Requirement –
Using the listing below, print exactly everything from the line with "with assms(3-5) have" down to the line with "k = (\<lambda>i", both included, and nothing more.

Material shown below:

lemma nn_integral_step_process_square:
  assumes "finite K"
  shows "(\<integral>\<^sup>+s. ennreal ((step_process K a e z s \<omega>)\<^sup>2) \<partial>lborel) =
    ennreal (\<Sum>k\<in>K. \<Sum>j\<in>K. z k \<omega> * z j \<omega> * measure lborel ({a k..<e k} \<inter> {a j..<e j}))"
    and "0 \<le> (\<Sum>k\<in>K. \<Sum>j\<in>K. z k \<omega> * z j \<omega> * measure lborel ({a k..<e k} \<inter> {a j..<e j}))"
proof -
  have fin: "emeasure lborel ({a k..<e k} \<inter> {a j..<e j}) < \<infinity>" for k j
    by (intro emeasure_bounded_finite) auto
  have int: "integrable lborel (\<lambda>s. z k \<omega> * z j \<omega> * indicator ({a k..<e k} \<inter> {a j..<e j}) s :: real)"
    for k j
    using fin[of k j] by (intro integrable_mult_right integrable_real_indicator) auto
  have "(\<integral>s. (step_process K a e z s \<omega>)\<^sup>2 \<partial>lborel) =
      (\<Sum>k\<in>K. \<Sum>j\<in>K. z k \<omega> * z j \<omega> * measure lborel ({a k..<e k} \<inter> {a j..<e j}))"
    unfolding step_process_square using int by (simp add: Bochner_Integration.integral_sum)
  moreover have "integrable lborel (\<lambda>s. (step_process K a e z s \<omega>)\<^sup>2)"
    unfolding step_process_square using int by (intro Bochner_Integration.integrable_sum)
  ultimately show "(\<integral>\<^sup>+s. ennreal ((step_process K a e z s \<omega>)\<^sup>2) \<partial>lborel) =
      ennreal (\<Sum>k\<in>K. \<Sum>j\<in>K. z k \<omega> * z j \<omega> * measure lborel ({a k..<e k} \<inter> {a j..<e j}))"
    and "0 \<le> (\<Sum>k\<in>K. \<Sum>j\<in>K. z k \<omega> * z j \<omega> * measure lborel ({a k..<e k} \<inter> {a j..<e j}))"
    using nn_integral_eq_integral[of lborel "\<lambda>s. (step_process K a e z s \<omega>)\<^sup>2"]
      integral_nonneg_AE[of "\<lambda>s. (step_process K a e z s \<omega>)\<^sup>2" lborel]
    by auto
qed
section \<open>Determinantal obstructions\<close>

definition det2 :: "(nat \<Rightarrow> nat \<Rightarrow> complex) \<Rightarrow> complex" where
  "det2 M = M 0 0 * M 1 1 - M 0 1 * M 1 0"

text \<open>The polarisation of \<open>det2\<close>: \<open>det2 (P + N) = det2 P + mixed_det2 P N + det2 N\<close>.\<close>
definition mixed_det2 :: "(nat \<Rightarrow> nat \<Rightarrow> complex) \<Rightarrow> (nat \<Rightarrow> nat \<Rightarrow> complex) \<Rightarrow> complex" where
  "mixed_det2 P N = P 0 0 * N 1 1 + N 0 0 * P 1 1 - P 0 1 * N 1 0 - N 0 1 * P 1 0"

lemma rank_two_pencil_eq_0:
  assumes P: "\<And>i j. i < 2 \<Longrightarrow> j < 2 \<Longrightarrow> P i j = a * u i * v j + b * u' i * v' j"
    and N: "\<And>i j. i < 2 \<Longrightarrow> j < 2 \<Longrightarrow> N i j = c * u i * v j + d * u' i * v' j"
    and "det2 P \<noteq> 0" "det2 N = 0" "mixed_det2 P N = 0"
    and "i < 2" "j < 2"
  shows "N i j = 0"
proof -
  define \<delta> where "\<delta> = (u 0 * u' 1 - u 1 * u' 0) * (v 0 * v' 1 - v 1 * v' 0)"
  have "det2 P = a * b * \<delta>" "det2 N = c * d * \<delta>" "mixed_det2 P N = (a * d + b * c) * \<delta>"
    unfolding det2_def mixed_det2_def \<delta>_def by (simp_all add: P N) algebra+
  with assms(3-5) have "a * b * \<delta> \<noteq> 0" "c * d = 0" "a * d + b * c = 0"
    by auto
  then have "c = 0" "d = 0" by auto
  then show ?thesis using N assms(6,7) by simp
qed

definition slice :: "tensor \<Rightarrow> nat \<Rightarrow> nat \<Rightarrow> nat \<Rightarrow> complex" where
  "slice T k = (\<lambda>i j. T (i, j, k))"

End of Material shown.
Material shown below:

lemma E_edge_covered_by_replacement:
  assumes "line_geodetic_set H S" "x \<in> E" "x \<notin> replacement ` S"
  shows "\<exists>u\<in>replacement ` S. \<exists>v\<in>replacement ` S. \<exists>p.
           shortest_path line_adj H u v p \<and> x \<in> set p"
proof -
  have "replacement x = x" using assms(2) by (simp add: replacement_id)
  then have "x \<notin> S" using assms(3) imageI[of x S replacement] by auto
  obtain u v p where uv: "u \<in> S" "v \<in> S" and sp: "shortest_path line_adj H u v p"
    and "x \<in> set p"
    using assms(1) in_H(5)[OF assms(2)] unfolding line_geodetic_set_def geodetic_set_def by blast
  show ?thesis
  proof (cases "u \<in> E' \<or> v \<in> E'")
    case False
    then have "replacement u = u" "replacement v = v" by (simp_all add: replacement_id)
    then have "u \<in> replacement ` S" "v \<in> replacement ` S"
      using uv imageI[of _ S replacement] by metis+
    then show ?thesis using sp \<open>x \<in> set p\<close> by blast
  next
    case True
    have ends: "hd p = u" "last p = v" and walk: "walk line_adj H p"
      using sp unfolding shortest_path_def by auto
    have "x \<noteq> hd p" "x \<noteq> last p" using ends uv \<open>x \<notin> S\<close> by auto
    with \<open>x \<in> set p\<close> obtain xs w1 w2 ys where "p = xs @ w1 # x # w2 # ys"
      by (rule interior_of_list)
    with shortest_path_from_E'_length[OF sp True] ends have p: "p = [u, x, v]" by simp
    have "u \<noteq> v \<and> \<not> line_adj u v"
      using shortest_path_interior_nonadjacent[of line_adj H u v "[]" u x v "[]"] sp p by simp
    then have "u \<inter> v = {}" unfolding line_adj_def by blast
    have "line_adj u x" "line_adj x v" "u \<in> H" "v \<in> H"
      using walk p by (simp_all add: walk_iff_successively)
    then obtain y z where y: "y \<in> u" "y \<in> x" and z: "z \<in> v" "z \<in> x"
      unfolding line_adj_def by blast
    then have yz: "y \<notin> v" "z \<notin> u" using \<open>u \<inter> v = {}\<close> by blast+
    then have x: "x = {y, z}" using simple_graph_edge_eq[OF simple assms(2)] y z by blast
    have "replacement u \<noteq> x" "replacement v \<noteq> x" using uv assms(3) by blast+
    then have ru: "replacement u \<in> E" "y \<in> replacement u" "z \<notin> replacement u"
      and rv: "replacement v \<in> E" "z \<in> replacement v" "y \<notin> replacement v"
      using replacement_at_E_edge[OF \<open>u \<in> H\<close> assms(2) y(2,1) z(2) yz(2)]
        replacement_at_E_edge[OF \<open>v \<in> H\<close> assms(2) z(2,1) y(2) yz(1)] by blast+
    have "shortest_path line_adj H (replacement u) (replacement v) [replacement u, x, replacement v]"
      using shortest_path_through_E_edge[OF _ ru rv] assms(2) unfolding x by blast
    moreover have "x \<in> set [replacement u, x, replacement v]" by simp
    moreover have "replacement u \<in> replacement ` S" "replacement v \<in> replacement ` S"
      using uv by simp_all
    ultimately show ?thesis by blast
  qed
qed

End of Material shown.

Answer space –
  with assms(3-5) have "a * b * \<delta> \<noteq> 0" "c * d = 0" "a * d + b * c = 0"
    by auto
  then have "c = 0" "d = 0" by auto
  then show ?thesis using N assms(6,7) by simp
qed

definition slice :: "tensor \<Rightarrow> nat \<Rightarrow> nat \<Rightarrow> nat \<Rightarrow> complex" where
  "slice T k = (\<lambda>i j. T (i, j, k))"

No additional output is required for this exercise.